Except that it hadn’t. It had only made the need worse.
She might have had sex with him for the temples, but he’d done it because he could not do otherwise.
But Genie Gray had certainly not lost sight of what she wanted, and that made him angry.
He had no right to be angry with her. He was the one, after all, who’d suggested that the only way to win the commission was to sleep with him. He’d wanted to punish her, and he’d ended up punishing himself.
She’d pretended to be insulted, but she hadn’t resisted when he’d carried her into the bedroom and made love to her again. No, she’d melted beneath him, her body as soft and welcoming as it had always been. Her body was paradise, and he lost himself in it.
They’d fallen asleep much later, exhausted, but now that he’d awakened again he couldn’t get back to sleep.

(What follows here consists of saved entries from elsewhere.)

lemma recruitment_equicontinuous:
  "locally_uniformly_equicontinuous {ta..tb} (Collect admissible) recruitment"
proof -
  have "uniformly_continuous_on {0..ustar} h"
    by (rule compact_uniformly_continuous) (auto intro: continuous_on_subset[OF cont_h])
  then have "locally_uniformly_equicontinuous {ta..tb} {f. \<forall>y. f y \<in> {0..ustar}}
      (\<lambda>s f y. p (s - tau s) * h (f y))"
    by (rule locally_uniformly_equicontinuous_pointwise) (use abs_le_coeff_bound in blast)
  then have "locally_uniformly_equicontinuous {ta..tb} (Collect admissible)
      (\<lambda>s f y. p (s - tau s) * h (f y))"
    by (rule locally_uniformly_equicontinuous_subset) (auto simp: admissible_def)
  then have "locally_uniformly_equicontinuous {ta..tb} (Collect admissible)
      (\<lambda>s \<phi> y. p (s - tau s) * h (delayed_state s \<phi> y))"
    using locally_uniformly_equicontinuous_compose[OF delayed_state_equicontinuous]
      delayed_state_admissible by blast
  then show ?thesis
    by (rule locally_uniformly_equicontinuous_cong) (simp add: fun_eq_iff recruitment_def)
qed

lemma R_delayed_equicontinuous:
  "locally_uniformly_equicontinuous {ta..tb} (Collect admissible) R_delayed"
proof -
  have coeff: "(1 - deriv tau s) * kbar dI s (s - tau s) \<le> coeff_bound" if "s \<in> {ta..tb}" for s
  proof -
    have "(1 - deriv tau s) * kbar dI s (s - tau s) \<le> 1 - deriv tau s"
      using mult_left_mono[OF kbar_dI_bounds(2) one_minus_tau'_nonneg] by simp
    then show ?thesis using abs_le_coeff_bound[OF that] abs_ge_self[of "1 - deriv tau s"] by linarith
  qed
  have "recruitment s \<phi> \<in> bounded_measurable (coeff_bound * h_max)"
    if "s \<in> {ta..tb}" "admissible \<phi>" for s \<phi>
  proof -
    have "p (s - tau s) * h_max \<le> coeff_bound * h_max"
      using abs_le_coeff_bound[OF that(1)] h_max_nonneg by (intro mult_right_mono) auto
    then show ?thesis
      using recruitment_bounded_measurable[OF that(2)] bounded_measurable_mono by blast
  qed
  moreover have "locally_uniformly_equicontinuous {ta..tb} (bounded_measurable (coeff_bound * h_max))
      (\<lambda>s f y. (1 - deriv tau s) * kbar dI s (s - tau s) * heat_conv (tint DI (s - tau s) s) f y)"
    by (rule locally_uniformly_equicontinuous_heat_conv[where a="\<lambda>s. tint DI (s - tau s) s"
          and c="\<lambda>s. (1 - deriv tau s) * kbar dI s (s - tau s)" and C=coeff_bound and V=diffusion_bound])
      (simp_all add: tint_le_diffusion_bound(2) coeff)
  ultimately have "locally_uniformly_equicontinuous {ta..tb} (Collect admissible)
      (\<lambda>s \<phi> y. (1 - deriv tau s) * kbar dI s (s - tau s)
          * heat_conv (tint DI (s - tau s) s) (recruitment s \<phi>) y)"
    using locally_uniformly_equicontinuous_compose[OF recruitment_equicontinuous] by blast
  then show ?thesis
    by (rule locally_uniformly_equicontinuous_cong) (simp add: fun_eq_iff R_delayed_eq)
qed

lemma Q_integrand_equicontinuous:
  "locally_uniformly_equicontinuous {ta..tb} (Collect admissible) Q_integrand"
proof -
  have "R_delayed s \<phi> \<in> bounded_measurable integrand_bound"
    if "s \<in> {ta..tb}" "admissible \<phi>" for s \<phi>
    using R_delayed_bounded_measurable[OF that(2)] R_delayed_bound_le_integrand_bound[OF that(1)]
      bounded_measurable_mono by blast
  moreover have "locally_uniformly_equicontinuous {ta..tb} (bounded_measurable integrand_bound)
      (\<lambda>s f x. kbar dM T s * heat_conv (tint DM s T) f x)"
    by (rule locally_uniformly_equicontinuous_heat_conv[where a="\<lambda>s. tint DM s T"
          and c="\<lambda>s. kbar dM T s" and C=1 and V=diffusion_bound])
      (simp_all add: tint_le_diffusion_bound(3))
  ultimately have "locally_uniformly_equicontinuous {ta..tb} (Collect admissible)
      (\<lambda>s \<phi> x. kbar dM T s * heat_conv (tint DM s T) (R_delayed s \<phi>) x)"
    using locally_uniformly_equicontinuous_compose[OF R_delayed_equicontinuous] by blast
  then show ?thesis
    by (rule locally_uniformly_equicontinuous_cong) (simp add: fun_eq_iff Q_integrand_eq)
qed

lemma Q_equicontinuous: "locally_uniformly_equicontinuous I (Collect admissible) (\<lambda>_. Q)"
proof -
  have "locally_uniformly_equicontinuous I (bounded_measurable ustar)
      (\<lambda>_ \<phi> x. kbar dM T 0 * heat_conv (tint DM 0 T) \<phi> x)"
    by (rule locally_uniformly_equicontinuous_heat_conv[where a="\<lambda>_. tint DM 0 T"
          and c="\<lambda>_. kbar dM T 0" and C=1 and V="tint DM 0 T"]) simp_all
  then have "locally_uniformly_equicontinuous I (Collect admissible)
      (\<lambda>_ \<phi> x. kbar dM T 0 * heat_conv (tint DM 0 T) \<phi> x)"
    by (rule locally_uniformly_equicontinuous_subset) (use admissible_bounded_measurable in blast)
  moreover have "locally_uniformly_equicontinuous I (Collect admissible)
      (\<lambda>_ \<phi> x. integral {ta..tb} (\<lambda>s. Q_integrand s \<phi> x))"
    by (rule locally_uniformly_equicontinuous_integral[OF Q_integrand_equicontinuous])
      (simp add: Q_integrand_integrable)
  ultimately have "locally_uniformly_equicontinuous I (Collect admissible)
      (\<lambda>_ \<phi> x. kbar dM T 0 * heat_conv (tint DM 0 T) \<phi> x
          + integral {ta..tb} (\<lambda>s. Q_integrand s \<phi> x))"
    by (rule locally_uniformly_equicontinuous_add)
  then show ?thesis
    by (rule locally_uniformly_equicontinuous_cong) (simp add: fun_eq_iff Q_eq kconv_eq_heat_conv[OF DM_nonneg])
qed

lemma admissible_const: "0 \<le> c \<Longrightarrow> c \<le> ustar \<Longrightarrow> admissible (\<lambda>_. c)"
  unfolding admissible_def by auto

lemma Cr_admissible: "\<phi> \<in> Cr ustar \<Longrightarrow> admissible \<phi>"
  unfolding Cr_def admissible_def by (auto intro: borel_measurable_continuous_onI)

lemma Q_locally_close:
  assumes "\<epsilon> > 0"
  obtains N \<delta> where "\<delta> > 0"
    "\<And>\<phi> \<psi>. admissible \<phi> \<Longrightarrow> admissible \<psi> \<Longrightarrow> locally_close N \<delta> \<phi> \<psi> \<Longrightarrow> locally_close M \<epsilon> (Q \<phi>) (Q \<psi>)"
proof -
  have "\<exists>N. \<exists>\<delta>>0. \<forall>\<phi>\<in>Collect admissible. \<forall>\<psi>\<in>Collect admissible.
      locally_close N \<delta> \<phi> \<psi> \<longrightarrow> locally_close M \<epsilon> (Q \<phi>) (Q \<psi>)"
    using Q_equicontinuous[of "{()}"] assms unfolding locally_uniformly_equicontinuous_def by simp
  then obtain N \<delta> where "\<delta> > 0" and close: "\<forall>\<phi>\<in>Collect admissible. \<forall>\<psi>\<in>Collect admissible.
      locally_close N \<delta> \<phi> \<psi> \<longrightarrow> locally_close M \<epsilon> (Q \<phi>) (Q \<psi>)"
    by blast
  show ?thesis by (rule that[of \<delta> N, OF \<open>\<delta> > 0\<close>]) (use close in simp)
qed

text \<open>Continuity of \<open>Q \<phi>\<close> follows from translation invariance: \<open>Q \<phi>\<close> at a nearby point
  is \<open>Q\<close> of a translate of \<open>\<phi>\<close>, which is locally close to \<open>\<phi>\<close> by uniform continuity on compacts.\<close>
lemma Q_continuous:
  assumes \<phi>: "\<phi> \<in> Cr ustar"
  shows "continuous_on UNIV (Q \<phi>)"
  unfolding continuous_on_iff
proof (intro ballI allI impI)
  fix x0 :: real and e :: real
  assume "e > 0"
  then have "e / 2 > 0" by simp
  then obtain N \<delta> where "\<delta> > 0" and close: "\<And>\<phi> \<psi>. admissible \<phi> \<Longrightarrow> admissible \<psi> \<Longrightarrow>
      locally_close N \<delta> \<phi> \<psi> \<Longrightarrow> locally_close \<bar>x0\<bar> (e / 2) (Q \<phi>) (Q \<psi>)"
    using Q_locally_close by metis
  obtain d where "d > 0" and shift: "\<And>c. \<bar>c\<bar> < d \<Longrightarrow> locally_close N \<delta> (translate c \<phi>) \<phi>"
    using continuous_translate_locally_close[OF _ \<open>\<delta> > 0\<close>] \<phi> unfolding Cr_def by blast
  have "dist (Q \<phi> x') (Q \<phi> x0) < e" if "dist x' x0 < d" for x'
  proof -
    have "\<bar>Q (translate (x0 - x') \<phi>) x0 - Q \<phi> x0\<bar> \<le> e / 2"
      using close[OF admissible_translate[OF Cr_admissible[OF \<phi>]] Cr_admissible[OF \<phi>] shift] that
      unfolding locally_close_def by (simp add: dist_real_def abs_minus_commute)
    then show ?thesis
      using \<open>e > 0\<close> Q_translate[OF Cr_admissible[OF \<phi>]] by (simp add: translate_def dist_real_def)
  qed
  then show "\<exists>d>0. \<forall>x'\<in>UNIV. dist x' x0 < d \<longrightarrow> dist (Q \<phi> x') (Q \<phi> x0) < e"
    using \<open>d > 0\<close> by blast
qed

end

locale delay_model_fixed_point = delay_model +
  assumes h_zero: "h 0 = 0" and Qbar_ustar: "Qbar T dM DI dI tau p h ta tb ustar = ustar"
begin

abbreviation QB :: "real \<Rightarrow> real" where "QB \<equiv> Qbar T dM DI dI tau p h ta tb"

lemma Qbar_zero: "QB 0 = 0"
  unfolding Qbar_def Rop_def kconv_eq_heat_conv[OF DI_nonneg] by (simp add: h_zero heat_conv_const)

text \<open>\<open>0\<close> and \<open>u\<^sup>*\<close> are fixed points, so monotonicity traps \<open>Q\<close> in \<open>[0, u\<^sup>*]\<close>.\<close>
lemma Q_range: "admissible \<phi> \<Longrightarrow> 0 \<le> Q \<phi> x \<and> Q \<phi> x \<le> ustar"
proof -
  assume \<phi>: "admissible \<phi>"
  have "Q (\<lambda>_. 0) x \<le> Q \<phi> x"
    by (rule Q_mono[OF admissible_const \<phi>]) (use \<phi> ustar_pos in \<open>auto simp: admissible_def\<close>)
  moreover have "Q \<phi> x \<le> Q (\<lambda>_. ustar) x"
    by (rule Q_mono[OF \<phi> admissible_const]) (use \<phi> ustar_pos in \<open>auto simp: admissible_def\<close>)
  ultimately show ?thesis unfolding Q_const Qbar_zero Qbar_ustar by simp
qed

lemma Q_maps_Cr: "\<phi> \<in> Cr ustar \<Longrightarrow> Q \<phi> \<in> Cr ustar"
  using Q_continuous Q_range Cr_admissible unfolding Cr_def by blast

lemma Qbar_maps_interval: "QB ` {0..ustar} \<subseteq> {0..ustar}"
proof
  fix w assume "w \<in> QB ` {0..ustar}"
  then obtain z where z: "z \<in> {0..ustar}" "w = QB z" by auto
  then have "0 \<le> Q (\<lambda>_. z) 0 \<and> Q (\<lambda>_. z) 0 \<le> ustar"
    by (intro Q_range admissible_const) auto
  then show "w \<in> {0..ustar}" using z unfolding Q_const by auto
qed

What was it about her that made him so crazy? That made him feel as if he’d come home after a very long time away?
It had to be the connection to the past, to a simpler life. But this need was only temporary. Though he wanted Genie more than he could remember wanting any woman he’d ever been with, there was no future in it.
Soon he would have to let her go.
*
The light slanting through the curtains and across the bed was not the light of early morning. Genie blinked and sat up. Muscles she’d forgotten she had ached. Zafir had been intense last night, making love to her as if it was the first and last night he would ever do so.
The thought gave her a chill. She’d loved every moment of it, even if he had told her she wasn’t that good. She’d been hurt at first, but she’d quickly recognized that he was lashing out at her. Just as she’d done when she’d asked if he would now give her the commission.
They’d gotten past that very quickly—at least physically. But now Zafir was gone and she wasn’t certain what to do. Even if she did manage to find the dress and put it back on, she wasn’t sure she would remember how to find the harem. And she definitely didn’t want to run into anyone in the passageways.
“As-saalamu ’alaykum, madam.”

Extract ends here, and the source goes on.